- [What you should do]: Retype verbatim the lines of the listing, from the very first through the line with "y) = a *\<^sub>C".

- [Data for analysis]:
=-=-=
(* Let $\mathcal H$ be a complex Hilbert space, $T\in\mathcal B(\mathcal H)$ left-invertible, and $L\in\mathcal B(\mathcal H)$ with $LT=I$. Then the spectral radius $r(L)$ is positive, and: if $0\in\sigma(T)$ then $\mathbb D_{1/r(L)}\subseteq\sigma_r(T)\setminus\sigma_l(T)$; if $0\notin\sigma(T)$ then $\sigma(T)\subseteq\mathbb C\setminus\mathbb D_{1/r(L)}$. In particular $r(T)r(L)\ge1$.
   Context: $\mathbb D_\rho=\{z\in\mathbb C:|z|<\rho\}$. $\sigma_l(A)$ (resp. $\sigma_r(A)$) is the set of $\lambda$ with $A-\lambda I$ not left-invertible (resp. not right-invertible); $r(\cdot)$ is the spectral radius. *)

theory Defs
  imports "HOL-Analysis.Analysis"
begin

class complex_vector = real_vector +
  fixes scaleC :: "complex \<Rightarrow> 'a \<Rightarrow> 'a" (infixr \<open>*\<^sub>C\<close> 75)
  assumes scaleC_add_right: "a *\<^sub>C (x + y) = a *\<^sub>C x + a *\<^sub>C y"
    and scaleC_add_left: "(a + b) *\<^sub>C x = a *\<^sub>C x + b *\<^sub>C x"
    and scaleC_scaleC: "a *\<^sub>C (b *\<^sub>C x) = (a * b) *\<^sub>C x"
    and scaleC_one: "1 *\<^sub>C x = x"
    and scaleR_scaleC: "scaleR r x = complex_of_real r *\<^sub>C x"

class complex_inner = complex_vector + real_normed_vector +
  fixes cinner :: "'a \<Rightarrow> 'a \<Rightarrow> complex"
  assumes cinner_commute: "cinner x y = cnj (cinner y x)"
    and cinner_add_right: "cinner x (y + z) = cinner x y + cinner x z"
    and cinner_scaleC_right: "cinner x (a *\<^sub>C y) = a * cinner x y"
    and cinner_ge_zero: "0 \<le> Re (cinner x x)"
    and cinner_eq_zero_iff: "cinner x x = 0 \<longleftrightarrow> x = 0"
    and norm_eq_sqrt_cinner: "norm x = sqrt (Re (cinner x x))"

class chilbert_space = complex_inner + complete_space

definition bounded_op :: "('a::complex_inner \<Rightarrow> 'a) \<Rightarrow> bool" where
  "bounded_op T \<longleftrightarrow> (\<forall>x y. T (x + y) = T x + T y) \<and> (\<forall>c x. T (c *\<^sub>C x) = c *\<^sub>C T x)
     \<and> (\<exists>K. \<forall>x. norm (T x) \<le> norm x * K)"

definition left_invertible_op :: "('a::complex_inner \<Rightarrow> 'a) \<Rightarrow> bool" where
  "left_invertible_op T \<longleftrightarrow> (\<exists>S. bounded_op S \<and> S \<circ> T = id)"

definition right_invertible_op :: "('a::complex_inner \<Rightarrow> 'a) \<Rightarrow> bool" where
  "right_invertible_op T \<longleftrightarrow> (\<exists>S. bounded_op S \<and> T \<circ> S = id)"

definition invertible_op :: "('a::complex_inner \<Rightarrow> 'a) \<Rightarrow> bool" where
  "invertible_op T \<longleftrightarrow> (\<exists>S. bounded_op S \<and> S \<circ> T = id \<and> T \<circ> S = id)"

definition shift_op :: "('a::complex_inner \<Rightarrow> 'a) \<Rightarrow> complex \<Rightarrow> 'a \<Rightarrow> 'a" where
  "shift_op T c = (\<lambda>x. T x - c *\<^sub>C x)"

definition op_spectrum :: "('a::complex_inner \<Rightarrow> 'a) \<Rightarrow> complex set" where
  "op_spectrum T = {c. \<not> invertible_op (shift_op T c)}"

definition left_spectrum :: "('a::complex_inner \<Rightarrow> 'a) \<Rightarrow> complex set" where
  "left_spectrum T = {c. \<not> left_invertible_op (shift_op T c)}"

definition right_spectrum :: "('a::complex_inner \<Rightarrow> 'a) \<Rightarrow> complex set" where
  "right_spectrum T = {c. \<not> right_invertible_op (shift_op T c)}"

definition spectral_radius_op :: "('a::complex_inner \<Rightarrow> 'a) \<Rightarrow> real" where
  "spectral_radius_op T = Sup (norm ` op_spectrum T)"

end

theory Submission
  imports Defs "HOL-Complex_Analysis.Complex_Analysis"
begin

text \<open>Since \<open>L T = I\<close>, for \<open>l \<noteq> 0\<close> we have \<open>T - l = -l (L - 1/l) T\<close>. When \<open>r(L) |l| < 1\<close>
  the point \<open>1/l\<close> lies outside the spectrum of \<open>L\<close>, so the first factor is invertible and
  \<open>T - l\<close> is left invertible, right invertible or invertible exactly when \<open>T\<close> is. Thus on the
  disc \<open>|l| < 1/r(L)\<close> all three spectra of \<open>T\<close> look as they do at \<open>0\<close>. If \<open>r(L)\<close> were \<open>0\<close>,
  the disc would be the whole plane and the spectrum of \<open>T\<close> would be empty or all of \<open>\<complex>\<close>;
  but it is bounded, and nonempty because the resolvent is weakly holomorphic and vanishes at
  infinity (Liouville).\<close>

section \<open>Complex inner product spaces\<close>

lemma scaleC_zero_left [simp]: "(0::complex) *\<^sub>C (x::'a::complex_vector) = 0"
  by (metis add_cancel_right_right scaleC_add_left)

lemma scaleC_zero_right [simp]: "a *\<^sub>C (0::'a::complex_vector) = 0"
  by (metis add_cancel_right_right add_0 scaleC_add_right)

lemma scaleC_minus_left: "(- a) *\<^sub>C (x::'a::complex_vector) = - (a *\<^sub>C x)"
  by (metis add.right_inverse add_eq_0_iff scaleC_add_left scaleC_zero_left)

lemma scaleC_minus_right: "a *\<^sub>C (- x::'a::complex_vector) = - (a *\<^sub>C x)"
  by (metis add.right_inverse add_eq_0_iff scaleC_add_right scaleC_zero_right)

lemma scaleC_diff_left: "(a - b) *\<^sub>C (x::'a::complex_vector) = a *\<^sub>C x - b *\<^sub>C x"
  by (simp only: diff_conv_add_uminus scaleC_add_left scaleC_minus_left)

lemma scaleC_diff_right: "a *\<^sub>C (x - y::'a::complex_vector) = a *\<^sub>C x - a *\<^sub>C y"
  by (simp only: diff_conv_add_uminus scaleC_add_right scaleC_minus_right)

lemma cinner_zero_right [simp]: "cinner (x::'a::complex_inner) 0 = 0"
  using cinner_add_right[of x 0 0] by simp

lemma cinner_zero_left [simp]: "cinner 0 (x::'a::complex_inner) = 0"
  by (simp add: cinner_commute[of 0 x])

lemma cinner_add_left: "cinner (x + y) (z::'a::complex_inner) = cinner x z + cinner y z"
  by (simp only: cinner_commute[of _ z] cinner_add_right complex_cnj_add)

lemma cinner_scaleC_left: "cinner (a *\<^sub>C x) (y::'a::complex_inner) = cnj a * cinner x y"
  by (simp only: cinner_commute[of _ y] cinner_scaleC_right complex_cnj_mult)

lemma cinner_diff_right: "cinner x (y - z::'a::complex_inner) = cinner x y - cinner x z"
  using cinner_add_right[of x "y - z" z] by (simp add: eq_diff_eq)

lemma cinner_diff_left: "cinner (x - y) (z::'a::complex_inner) = cinner x z - cinner y z"
  using cinner_add_left[of "x - y" y z] by (simp add: eq_diff_eq)

lemma cinner_self_real: "cinner x x = complex_of_real (Re (cinner x (x::'a::complex_inner)))"
proof -
  have "Im (cinner x x) = 0"
    using arg_cong[OF cinner_commute[of x x], of Im] by simp
  then show ?thesis by (simp add: complex_eq_iff)
qed

lemma power2_norm_eq_cinner: "(norm (x::'a::complex_inner))\<^sup>2 = Re (cinner x x)"
  by (simp add: norm_eq_sqrt_cinner cinner_ge_zero)

lemma norm_scaleC: "norm (a *\<^sub>C (x::'a::complex_inner)) = cmod a * norm x"
proof (rule power2_eq_imp_eq)
  have a: "cnj a * a = complex_of_real ((cmod a)\<^sup>2)"
    using complex_norm_square[of a] by (simp add: mult.commute)
  have "cinner (a *\<^sub>C x) (a *\<^sub>C x) = (cnj a * a) * cinner x x"
    by (simp add: cinner_scaleC_left cinner_scaleC_right mult.assoc)
  also have "\<dots> = complex_of_real ((cmod a)\<^sup>2) * complex_of_real (Re (cinner x x))"
    by (subst cinner_self_real) (simp add: a)
  finally show "(norm (a *\<^sub>C x))\<^sup>2 = (cmod a * norm x)\<^sup>2"
    by (simp add: power2_norm_eq_cinner power_mult_distrib)
qed simp_all

lemma norm_cinner_le: "cmod (cinner x y) \<le> norm x * norm (y::'a::complex_inner)"
proof (cases "x = 0")
  case False
  define a where "a = Re (cinner x x)"
  define b where "b = cinner x y"
  have a: "a > 0"
    using False cinner_ge_zero[of x] cinner_eq_zero_iff[of x] cinner_self_real[of x]
    unfolding a_def by (metis less_eq_real_def of_real_0)
  \<comment> \<open>the squared norm of the component of \<open>y\<close> orthogonal to \<open>x\<close> is nonnegative\<close>
  define t where "t = b / complex_of_real a"
  have "cinner (y - t *\<^sub>C x) (y - t *\<^sub>C x)
      = cinner y y - t * cinner y x - cnj t * cinner x y + cnj t * t * cinner x x"
    by (simp add: cinner_diff_left cinner_diff_right cinner_scaleC_left cinner_scaleC_right
        algebra_simps)
  also have "\<dots> = cinner y y - complex_of_real ((cmod b)\<^sup>2 / a)"
    using a cinner_commute[of y x] cinner_self_real[of x]
    unfolding t_def a_def[symmetric] b_def[symmetric]
    by (simp add: field_simps complex_norm_square[symmetric] mult.commute)
  finally have "0 \<le> Re (cinner y y) - (cmod b)\<^sup>2 / a"
    using cinner_ge_zero[of "y - t *\<^sub>C x"] by simp
  then have "(cmod b)\<^sup>2 \<le> (norm x * norm y)\<^sup>2"
    using a by (simp add: field_simps a_def power2_norm_eq_cinner power_mult_distrib)
  then show ?thesis
    unfolding b_def by (meson mult_nonneg_nonneg norm_ge_zero power2_le_imp_le)
qed simp

lemma tendsto_cinner_right:
  fixes f :: "'b \<Rightarrow> 'a::complex_inner"
  assumes "(f \<longlongrightarrow> a) F"
  shows "((\<lambda>x. cinner y (f x)) \<longlongrightarrow> cinner y a) F"
proof -
  have "((\<lambda>x. f x - a) \<longlongrightarrow> 0) F"
    using assms by (rule Lim_null[THEN iffD1])
  then have lim: "((\<lambda>x. norm y * norm (f x - a)) \<longlongrightarrow> 0) F"
    using tendsto_mult[OF tendsto_const[of "norm y"] tendsto_norm_zero] by simp
  have "eventually (\<lambda>x. norm (cinner y (f x) - cinner y a) \<le> norm y * norm (f x - a)) F"
    unfolding cinner_diff_right[symmetric] by (simp add: norm_cinner_le)
  then have "((\<lambda>x. cinner y (f x) - cinner y a) \<longlongrightarrow> 0) F"
    using lim by (rule Lim_null_comparison)
  then show ?thesis
    by (rule Lim_null[THEN iffD2])
qed

section \<open>Bounded operators and invertibility\<close>

context
  fixes T :: "'a::complex_inner \<Rightarrow> 'a"
  assumes T: "bounded_op T"
begin

lemma bounded_op_add: "T (x + y) = T x + T y"
  using T unfolding bounded_op_def by blast

lemma bounded_op_scaleC: "T (c *\<^sub>C x) = c *\<^sub>C T x"
  using T unfolding bounded_op_def by blast

lemma bounded_op_zero: "T 0 = 0"
  using bounded_op_scaleC[of 0 0] by simp

lemma bounded_op_diff: "T (x - y) = T x - T y"
  using bounded_op_add[of "x - y" y] by (simp add: eq_diff_eq)

lemma bounded_op_normE:
  obtains K where "K > 0" "\<And>x. norm (T x) \<le> K * norm x"
proof -
  obtain K where K: "\<And>x. norm (T x) \<le> norm x * K"
    using T unfolding bounded_op_def by blast
  have "norm (T x) \<le> max K 1 * norm x" for x
    using K[of x] mult_left_mono[of K "max K 1" "norm x"] by (simp add: mult.commute)
  then show ?thesis using that[of "max K 1"] by simp
qed

end

lemma bounded_op_comp:
  assumes A: "bounded_op A" and B: "bounded_op B"
  shows "bounded_op (A \<circ> B)"
proof -
  obtain KA where KA: "\<And>x. norm (A x) \<le> KA * norm x" "KA > 0"
    using bounded_op_normE[OF A] by blast
  obtain KB where KB: "\<And>x. norm (B x) \<le> KB * norm x"
    using bounded_op_normE[OF B] by blast
  have "norm (A (B x)) \<le> norm x * (KA * KB)" for x
    using order_trans[OF KA(1)[of "B x"] mult_left_mono[OF KB[of x]]] KA(2)
    by (simp add: algebra_simps)
  then show ?thesis unfolding bounded_op_def
    using bounded_op_add[OF A] bounded_op_add[OF B] bounded_op_scaleC[OF A] bounded_op_scaleC[OF B]
    by auto
qed

lemma bounded_op_id: "bounded_op (id :: 'a::complex_inner \<Rightarrow> 'a)"
  unfolding bounded_op_def by (auto intro: exI[of _ 1])

lemma bounded_op_scaleC_id: "bounded_op (\<lambda>x::'a::complex_inner. c *\<^sub>C x)"
  unfolding bounded_op_def
  by (auto simp: scaleC_add_right scaleC_scaleC mult.commute norm_scaleC intro!: exI[of _ "cmod c"])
=-=-=
- [Solved problem]:
(* Let $\mathcal H$ be a complex Hilbert space, $T\in\mathcal B(\mathcal H)$ left-invertible, and $L\in\mathcal B(\mathcal H)$ with $LT=I$. Then the spectral radius $r(L)$ is positive, and: if $0\in\sigma(T)$ then $\mathbb D_{1/r(L)}\subseteq\sigma_r(T)\setminus\sigma_l(T)$; if $0\notin\sigma(T)$ then $\sigma(T)\subseteq\mathbb C\setminus\mathbb D_{1/r(L)}$. In particular $r(T)r(L)\ge1$.
   Context: $\mathbb D_\rho=\{z\in\mathbb C:|z|<\rho\}$. $\sigma_l(A)$ (resp. $\sigma_r(A)$) is the set of $\lambda$ with $A-\lambda I$ not left-invertible (resp. not right-invertible); $r(\cdot)$ is the spectral radius. *)

theory Defs
  imports "HOL-Analysis.Analysis"
begin

class complex_vector = real_vector +
  fixes scaleC :: "complex \<Rightarrow> 'a \<Rightarrow> 'a" (infixr \<open>*\<^sub>C\<close> 75)
  assumes scaleC_add_right: "a *\<^sub>C (x + y) = a *\<^sub>C x + a *\<^sub>C y"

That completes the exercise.